Q: What is your dream comic project?
A: Whenever I read a really good fantasy novel I always imagine I’d make an excellent comic. So, if ever JK Rowling or Patrick Rothfuss suddenly, oddly wanted a New Zealand comic version of their works I’d be keen. Basically I’d love to explore a fantasy world, or just do a good adaptation of Hamlet.

Q: What are you excited to share with ComicFest attendees? Just a taster!
A: I’m keen to have a big ol’ chat about what everyone’s favourite comics are. But also excited to talk visual storytelling across media, and I always have a few Shakespeare facts up my sleeve.

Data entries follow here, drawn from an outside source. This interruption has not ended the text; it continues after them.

lemma le_of_sq_le_mult:
  fixes a b :: real
  assumes "a\<^sup>2 \<le> b * a" and "0 \<le> b"
  shows "a \<le> b"
proof (cases "a \<le> 0")
  case True
  with assms(2) show ?thesis by linarith
next
  case False
  with assms(1) have "a * a \<le> b * a" "0 < a" by (simp_all add: power2_eq_square)
  then show ?thesis by (rule mult_right_le_imp_le)
qed

lemma op_norm_le_1_if_psd_complement:
  assumes A: "psd_mat (A :: complex^'d^'d)" and B: "psd_mat B" and sum_1: "A + B = mat 1"
  shows "op_norm A \<le> 1"
  unfolding op_norm_def
proof (rule onorm_bound)
  have A_le_1: "Re (cinner_vec u (A *v u)) \<le> (norm u)\<^sup>2" for u :: "complex^'d"
  proof -
    have "Re (cinner_vec u (A *v u)) + Re (cinner_vec u (B *v u))
        = Re (cinner_vec u ((A + B) *v u))"
      by (simp add: matrix_vector_mult_add_rdistrib cinner_vec_add_right)
    also have "\<dots> = (norm u)\<^sup>2"
      using sum_1 by (simp add: Re_cinner_vec_self)
    finally have "Re (cinner_vec u (A *v u)) + Re (cinner_vec u (B *v u)) = (norm u)\<^sup>2" .
    with B show ?thesis unfolding psd_mat_def by (metis le_add_same_cancel1)
  qed
  fix v :: "complex^'d"
  let ?w = "A *v v"
  have "(norm ?w)\<^sup>2 = Re (cinner_vec ?w (A *v v))"
    by (simp add: Re_cinner_vec_self)
  also have "\<dots> \<le> cmod (cinner_vec ?w (A *v v))" by (rule complex_Re_le_cmod)
  also have "\<dots> \<le> norm v * norm ?w"
  proof (rule power2_le_imp_le)
    have "(cmod (cinner_vec ?w (A *v v)))\<^sup>2
        \<le> Re (cinner_vec ?w (A *v ?w)) * Re (cinner_vec v (A *v v))"
      using A by (rule psd_mat_cauchy_schwarz)
    also have "\<dots> \<le> (norm ?w)\<^sup>2 * (norm v)\<^sup>2"
      using A unfolding psd_mat_def by (intro mult_mono A_le_1) auto
    finally show "(cmod (cinner_vec ?w (A *v v)))\<^sup>2 \<le> (norm v * norm ?w)\<^sup>2"
      by (simp add: power_mult_distrib mult.commute)
  qed simp
  finally have "norm ?w \<le> norm v"
    by (rule le_of_sq_le_mult) simp
  then show "norm ?w \<le> 1 * norm v" by simp
qed simp

text \<open>Componentwise Cauchy--Schwarz \<open>|(Av)\<^sub>i|\<^sup>2 \<le> A\<^sub>i\<^sub>i \<langle>v, Av\<rangle>\<close> gives
  \<open>\<parallel>Av\<parallel>\<^sup>2 \<le> tr A \<langle>v, Av\<rangle> \<le> tr A \<parallel>v\<parallel> \<parallel>Av\<parallel>\<close>.\<close>
lemma op_norm_le_trace_if_psd:
  assumes A: "psd_mat (A :: complex^'d^'d)"
  shows "op_norm A \<le> Re (trace A)"
  unfolding op_norm_def
proof (rule onorm_bound)
  have "0 \<le> Re (A $ i $ i)" for i
  proof -
    have "0 \<le> Re (cinner_vec (axis i 1) (A *v axis i 1))"
      using A unfolding psd_mat_def by blast
    then show ?thesis by (simp add: cinner_vec_axis_left matrix_vector_mult_axis_nth)
  qed
  then show trace_nonneg: "0 \<le> Re (trace A)"
    unfolding trace_def Re_sum by (simp add: sum_nonneg)
  fix v :: "complex^'d"
  let ?R = "Re (cinner_vec v (A *v v))"
  have "(norm (A *v v))\<^sup>2 = (\<Sum>i\<in>UNIV. (cmod ((A *v v) $ i))\<^sup>2)"
    unfolding norm_vec_def L2_set_def by (simp add: sum_nonneg)
  also have "\<dots> \<le> (\<Sum>i\<in>UNIV. Re (A $ i $ i) * ?R)"
  proof (rule sum_mono)
    fix i
    show "(cmod ((A *v v) $ i))\<^sup>2 \<le> Re (A $ i $ i) * ?R"
      using psd_mat_cauchy_schwarz[OF A, of "axis i 1" v]
      by (simp only: cinner_vec_axis_left matrix_vector_mult_axis_nth)
  qed
  also have "\<dots> = Re (trace A) * ?R"
    unfolding trace_def Re_sum by (simp add: sum_distrib_right)
  also have "\<dots> \<le> Re (trace A) * norm v * norm (A *v v)"
    unfolding mult.assoc
    using order_trans[OF complex_Re_le_cmod cinner_vec_cauchy_schwarz] trace_nonneg
    by (rule mult_left_mono)
  finally show "norm (A *v v) \<le> Re (trace A) * norm v"
    by (rule le_of_sq_le_mult) (intro mult_nonneg_nonneg trace_nonneg norm_ge_zero)
qed

lemma trace_sum:
  "finite S \<Longrightarrow> trace (sum f S) = (\<Sum>p\<in>S. trace (f p :: 'a::comm_semiring_1^'n^'n))"
  unfolding trace_def by (simp add: sum.swap[of _ UNIV])

lemma op_norm_sum_le_1_if_psd_partition:
  fixes g :: "'a \<Rightarrow> complex^'d^'d"
  assumes "finite T" and psd: "\<And>p. p \<in> T \<Longrightarrow> psd_mat (g p)" and "sum g T = mat 1"
    and "S \<subseteq> T"
  shows "op_norm (sum g S) \<le> 1"
proof (rule op_norm_le_1_if_psd_complement)
  have "finite S"
    using \<open>finite T\<close> \<open>S \<subseteq> T\<close> by (rule finite_subset[rotated])
  with \<open>finite T\<close> \<open>S \<subseteq> T\<close> show "psd_mat (sum g S)" "psd_mat (sum g (T - S))"
    by (auto intro!: psd_mat_sum psd)
  show "sum g S + sum g (T - S) = mat 1"
    using assms sum.subset_diff[of S T g] by (simp add: add.commute)
qed

lemma marginal_sums_eq_cross_sum:
  fixes G :: "'i \<Rightarrow> 'j \<Rightarrow> 'a::comm_monoid_add"
  assumes "finite X" "finite Y" "x \<in> X" "y \<in> Y"
  shows "(\<Sum>y'\<in>Y. G x y') + (\<Sum>x'\<in>X. G x' y)
           = (\<Sum>(a, b)\<in>{x} \<times> Y \<union> X \<times> {y}. G a b) + G x y"
proof -
  have "(\<Sum>y'\<in>Y. G x y') + (\<Sum>x'\<in>X. G x' y)
          = (\<Sum>(a, b)\<in>{x} \<times> Y. G a b) + (\<Sum>(a, b)\<in>X \<times> {y}. G a b)"
    by (simp add: sum.cartesian_product[symmetric])
  also have "\<dots> = (\<Sum>(a, b)\<in>{x} \<times> Y \<union> X \<times> {y}. G a b)
                  + (\<Sum>(a, b)\<in>{x} \<times> Y \<inter> X \<times> {y}. G a b)"
    using assms by (simp add: sum.union_inter)
  also have "{x} \<times> Y \<inter> X \<times> {y} = {(x, y)}"
    using assms by auto
  finally show ?thesis by simp
qed

lemma op_norm_marginal_sum_le:
  fixes G :: "nat \<Rightarrow> nat \<Rightarrow> complex^'d^'d"
  assumes "\<forall>x<n. \<forall>y<m. psd_mat (G x y)" and "(\<Sum>x<n. \<Sum>y<m. G x y) = mat 1"
    and "x < n" and "y < m"
  shows "op_norm ((\<Sum>y'<m. G x y') + (\<Sum>x'<n. G x' y)) \<le> 1 + Re (trace (G x y))"
proof -
  let ?cross = "\<Sum>(a, b)\<in>{x} \<times> {..<m} \<union> {..<n} \<times> {y}. G a b"
  have "op_norm ?cross \<le> 1"
    using assms by (intro op_norm_sum_le_1_if_psd_partition[where T = "{..<n} \<times> {..<m}"])
      (auto simp: sum.cartesian_product)
  moreover have "op_norm (G x y) \<le> Re (trace (G x y))"
    using assms by (simp add: op_norm_le_trace_if_psd)
  moreover have "op_norm (?cross + G x y) \<le> op_norm ?cross + op_norm (G x y)"
    unfolding op_norm_def matrix_vector_mult_add_rdistrib by (rule onorm_triangle) simp_all
  ultimately show ?thesis
    using assms by (simp add: marginal_sums_eq_cross_sum)
qed

lemma compatible_sum_op_norm_le:
  fixes M1 M2 :: "nat \<Rightarrow> complex^'d^'d"
  assumes "compatible n m M1 M2"
  shows "(\<Sum>x<n. \<Sum>y<m. op_norm (M1 x + M2 y)) \<le> real n * real m + real CARD('d)"
proof -
  obtain G :: "nat \<Rightarrow> nat \<Rightarrow> complex^'d^'d" where
    psd: "\<forall>x<n. \<forall>y<m. psd_mat (G x y)" and total: "(\<Sum>x<n. \<Sum>y<m. G x y) = mat 1"
    and M1: "\<forall>x<n. (\<Sum>y<m. G x y) = M1 x" and M2: "\<forall>y<m. (\<Sum>x<n. G x y) = M2 y"
    using assms unfolding compatible_def by blast
  have "(\<Sum>x<n. \<Sum>y<m. op_norm (M1 x + M2 y)) \<le> (\<Sum>x<n. \<Sum>y<m. 1 + Re (trace (G x y)))"
    using op_norm_marginal_sum_le[OF psd total] M1 M2 by (intro sum_mono) simp
  also have "\<dots> = real n * real m + Re (trace (\<Sum>x<n. \<Sum>y<m. G x y))"
    by (simp add: sum.distrib trace_sum)
  finally show ?thesis
    unfolding total trace_I by simp
qed

theorem proposition3:
  fixes M1 M2 :: "nat \<Rightarrow> complex^'d^'d" and n m :: nat
  assumes "n \<ge> 1" and "m \<ge> 1"
    and "povm n M1" and "povm m M2"
    and "Pbar n m M1 M2 > (1/2) * (1 + real CARD('d) / (real n * real m))"
  shows "\<not> compatible n m M1 M2"
proof
  assume "compatible n m M1 M2"
  then have "Pbar n m M1 M2 \<le> (1 / (2 * real n * real m)) * (real n * real m + real CARD('d))"
    unfolding Pbar_def
    by (intro mult_left_mono compatible_sum_op_norm_le) (simp_all add: zero_le_mult_iff)
  also have "\<dots> = (1/2) * (1 + real CARD('d) / (real n * real m))"
    using assms(1,2) by (simp add: field_simps)
  finally show False
    using assms(5) by simp
qed

end
(* Let $f,g\in C[0,1]$ be real-valued continuous functions and let $f\cdot g$ denote their pointwise product. Then $$\overline{\dim}_B G(f\cdot g)\le \max\{\overline{\dim}_B G(f),\ \overline{\dim}_B G(g)\}.$$
   Context: $C[0,1]$ is the space of real-valued continuous functions on $[0,1]$. For $f\in C[0,1]$, the graph is $G(f)=\{(x,f(x)):x\in[0,1]\}\subset\mathbb{R}^2$. For a nonempty bounded set $F$, $N_\delta(F)$ is the smallest number of sets of diameter at most $\delta$ covering $F$, and the upper and lower box-counting dimensions are $\overline{\dim}_B F=\limsup_{\delta\to0}\frac{\log N_\delta(F)}{-\log\delta}$ and $\underline{\dim}_B F=\liminf_{\delta\to0}\frac{\log N_\delta(F)}{-\log\delta}$. *)

theory Defs
  imports "HOL-Analysis.Analysis"
begin

definition graph01 :: "(real \<Rightarrow> real) \<Rightarrow> (real \<times> real) set" where
  "graph01 f = {(x, f x) | x. x \<in> {0..1}}"

text \<open>N_delta(F): smallest number of sets of diameter at most delta covering F.
  Boundedness of each covering set is required so that the library's diameter is meaningful.\<close>
definition cover_number :: "real \<Rightarrow> ('a::metric_space) set \<Rightarrow> nat" where
  "cover_number \<delta> F = (LEAST n. \<exists>C. finite C \<and> card C = n \<and>
      (\<forall>S\<in>C. bounded S \<and> diameter S \<le> \<delta>) \<and> F \<subseteq> \<Union>C)"

definition upper_box_dim :: "('a::metric_space) set \<Rightarrow> ereal" where
  "upper_box_dim F = Limsup (at_right 0)
      (\<lambda>\<delta>. ereal (ln (real (cover_number \<delta> F)) / (- ln \<delta>)))"

end

theory Submission
  imports Defs
begin

text \<open>Cut [0,1] into columns of width h = \<delta>/2. Up to constants, the covering number
  N(\<delta>, G \<phi>) is the number of columns plus the total oscillation of \<phi> over the columns divided
  by \<delta>: the graph over a column of oscillation \<omega> is covered by \<lceil>\<omega>/h\<rceil> + 1 squares of side h,
  and conversely a set of diameter \<delta> meets at most six columns and covers a range of values of
  length at most 2\<delta> in each. On a column, the oscillation of f g is at most
  sup |g| osc f + sup |f| osc g, hence N(\<delta>, G(f g)) \<le> D max (N(\<delta>, G f), N(\<delta>, G g)) with D
  independent of \<delta>, and D disappears from the upper box dimension after dividing ln D by
  -ln \<delta>.\<close>

definition delta_cover :: "real \<Rightarrow> ('a::metric_space) set \<Rightarrow> 'a set set \<Rightarrow> bool" where
  "delta_cover \<delta> F C \<longleftrightarrow> finite C \<and> (\<forall>S\<in>C. bounded S \<and> diameter S \<le> \<delta>) \<and> F \<subseteq> \<Union>C"

lemma cover_number_eq_Least:
  "cover_number \<delta> F = (LEAST n. \<exists>C. delta_cover \<delta> F C \<and> card C = n)"
  unfolding cover_number_def delta_cover_def by meson

lemma cover_number_le_card:
  assumes "delta_cover \<delta> F C"
  shows "cover_number \<delta> F \<le> card C"
  unfolding cover_number_eq_Least using assms by (auto intro: Least_le)

lemma delta_cover_card_cover_number:
  assumes "delta_cover \<delta> F C"
  obtains C' where "delta_cover \<delta> F C'" "card C' = cover_number \<delta> F"
  using LeastI[of "\<lambda>n. \<exists>C. delta_cover \<delta> F C \<and> card C = n" "card C"] assms
  unfolding cover_number_eq_Least by blast

lemma delta_cover_dist_le:
  assumes "delta_cover \<delta> F C" "S \<in> C" "x \<in> S" "y \<in> S"
  shows "dist x y \<le> \<delta>"
  using assms diameter_bounded_bound[of S x y] unfolding delta_cover_def by fastforce

lemma bounded_diameter_square:
  fixes a b h :: real
  assumes "0 \<le> h"
  shows "bounded ({a..a+h} \<times> {b..b+h})" and "diameter ({a..a+h} \<times> {b..b+h}) \<le> 2 * h"
proof -
  show "bounded ({a..a+h} \<times> {b..b+h})"
    by (intro compact_imp_bounded compact_Times) auto
  show "diameter ({a..a+h} \<times> {b..b+h}) \<le> 2 * h"
  proof (rule diameter_le)
    fix p q assume pq: "p \<in> {a..a+h} \<times> {b..b+h}" "q \<in> {a..a+h} \<times> {b..b+h}"
    obtain x y x' y' where p: "p = (x, y)" and q: "q = (x', y')" by fastforce
    have "\<bar>x - x'\<bar> \<le> h" "\<bar>y - y'\<bar> \<le> h" using pq unfolding p q by auto
    moreover have "norm (p - q) \<le> \<bar>x - x'\<bar> + \<bar>y - y'\<bar>"
      using norm_Pair_le[of "x - x'" "y - y'"] unfolding p q by simp
    ultimately show "norm (p - q) \<le> 2 * h" by linarith
  qed (use assms in simp)
qed

lemma Icc_length_le_card_cover:
  fixes T :: "real set set"
  assumes "finite T" "{a..b} \<subseteq> \<Union>T" "0 \<le> \<delta>"
    and small: "\<And>S x y. S \<in> T \<Longrightarrow> x \<in> S \<Longrightarrow> y \<in> S \<Longrightarrow> dist x y \<le> \<delta>"
  shows "b - a \<le> 2 * \<delta> * real (card T)"
proof (cases "a \<le> b")
  case False
  then show ?thesis using assms(3) by (simp add: order_trans[OF _ zero_le_mult_iff[THEN iffD2]])
next
  case True
  have "\<exists>c. S \<subseteq> cball c \<delta>" if "S \<in> T" for S
  proof (cases "S = {}")
    case False
    then obtain c where "c \<in> S" by auto
    then show ?thesis using small[OF that \<open>c \<in> S\<close>] by (intro exI[of _ c]) auto
  qed simp
  then obtain c where c: "\<And>S. S \<in> T \<Longrightarrow> S \<subseteq> cball (c S) \<delta>" by metis
  have "ennreal (b - a) = emeasure lborel {a..b}" using True by simp
  also have "\<dots> \<le> emeasure lborel (\<Union>S\<in>T. cball (c S) \<delta>)"
  proof (rule emeasure_mono)
    show "{a..b} \<subseteq> (\<Union>S\<in>T. cball (c S) \<delta>)" using assms(2) c by blast
  qed (auto intro!: borel_closed simp: assms(1))
  also have "\<dots> \<le> (\<Sum>S\<in>T. emeasure lborel (cball (c S) \<delta>))"
    by (rule emeasure_subadditive_finite) (auto simp: assms(1))
  also have "\<dots> = ennreal (2 * \<delta> * real (card T))"
    using assms(3) by (simp add: cball_eq_atLeastAtMost ennreal_of_nat_eq_real_of_nat
        ennreal_mult[symmetric] mult.commute)
  finally show ?thesis using assms(3) by (subst (asm) ennreal_le_iff) auto
qed

lemma sum_card_filter_swap:
  fixes A :: "'a set" and B :: "'b set" and R :: "'a \<Rightarrow> 'b \<Rightarrow> bool"
  assumes "finite A" "finite B"
  shows "(\<Sum>a\<in>A. card {b\<in>B. R a b}) = (\<Sum>b\<in>B. card {a\<in>A. R a b})"
  using sum.swap[where g="\<lambda>a b. if R a b then 1 else 0 :: nat" and A=A and B=B]
  by (simp add: sum.If_cases assms Int_def conj_commute)

definition column :: "real \<Rightarrow> nat \<Rightarrow> real set" where
  "column h k = {real k * h .. min (real (Suc k) * h) 1}"

definition num_columns :: "real \<Rightarrow> nat" where
  "num_columns h = nat \<lceil>1 / h\<rceil>"

definition column_min :: "(real \<Rightarrow> real) \<Rightarrow> real \<Rightarrow> nat \<Rightarrow> real" where
  "column_min \<phi> h k = Inf (\<phi> ` column h k)"

definition column_max :: "(real \<Rightarrow> real) \<Rightarrow> real \<Rightarrow> nat \<Rightarrow> real" where
  "column_max \<phi> h k = Sup (\<phi> ` column h k)"

definition column_osc :: "(real \<Rightarrow> real) \<Rightarrow> real \<Rightarrow> nat \<Rightarrow> real" where
  "column_osc \<phi> h k = column_max \<phi> h k - column_min \<phi> h k"

lemma left_end_in_column:
  assumes "0 < h" "k < num_columns h"
  shows "real k * h \<in> column h k"
proof -
  have "real k < 1 / h" using assms unfolding num_columns_def by linarith
  then have "real k * h < 1" using assms by (simp add: field_simps)
  then show ?thesis using assms by (auto simp: column_def algebra_simps)
qed

lemma column_subset_unit_interval:
  assumes "0 < h"
  shows "column h k \<subseteq> {0..1}"
  using assms by (auto simp: column_def)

Q: If you were to enter our cosplay contest, who/what would you dress up as?
A: Comic book character would be Black Jack by Tezuka. Or Kvothe from The Name of the Wind.

You can find Sally’s work online in a number of places!
Online comics: quietly-exploding.tumblr.com
Online webseries: The Candle Wasters on Youtube
Hamlet webseries/webcomic pilot: on YouTube!

5 minutes with Giselle Clarkson – Comicfest feature

ComicFest is back for 2017! On Saturday May 6th at the Central Library there will be panels and workshops all day long for comic-lovers of all ages. You can also pick up a free comic from us on the day and celebrate Free Comic Book Day, courtesy of GRAPHIC! Head over to the ComicFest Facebook event for all the details, and to receive event updates.

Giselle Clarkson is a Wellington-based freelance illustrator who is also interested in tramping, growing veggies and making music. She currently has a monthly comic being published by NZ website The Sapling, often featuring the influence of books on her as an illustrator. At ComicFest Giselle will be on our A Wellington View – Local Cartoonists panel along with Jem Yoshioka and Sally Bollinger, moderated by Robyn Kenealy. Come along to get an idea what it’s like to be making comics in NZ’s capital city!

Q: What first got you interested in comics?
A: There were lots of comics/cartoons on the bookshelves when I was a kid – Tintin, Asterix, The Far Side, Raymond Briggs, Spike Milligan, Rupert Bear – all things that had belonged to my parents or older brother. I loved reading them but it never occurred to me that they were a thing I could ask for more of.
It wasn’t until I was 16 or 17 and discovered webcomics that I realised what the possibilities were! But after that it was years before I started really making and sharing comics myself.

Comic by Giselle Clarkson

Comic by Giselle Clarkson

Q: What is your average day like?
A: I work freelance from home – I wake up early, make coffee, drink it at my desk, fluff around online for at least an hour and then start work. I like to take my breaks in the garden – poking around for interesting insects or something edible.
I love working in my pyjamas and having a flexible schedule, but I’m often working late at night and weekends don’t really exist. Going into town for a meeting is pretty exciting for me!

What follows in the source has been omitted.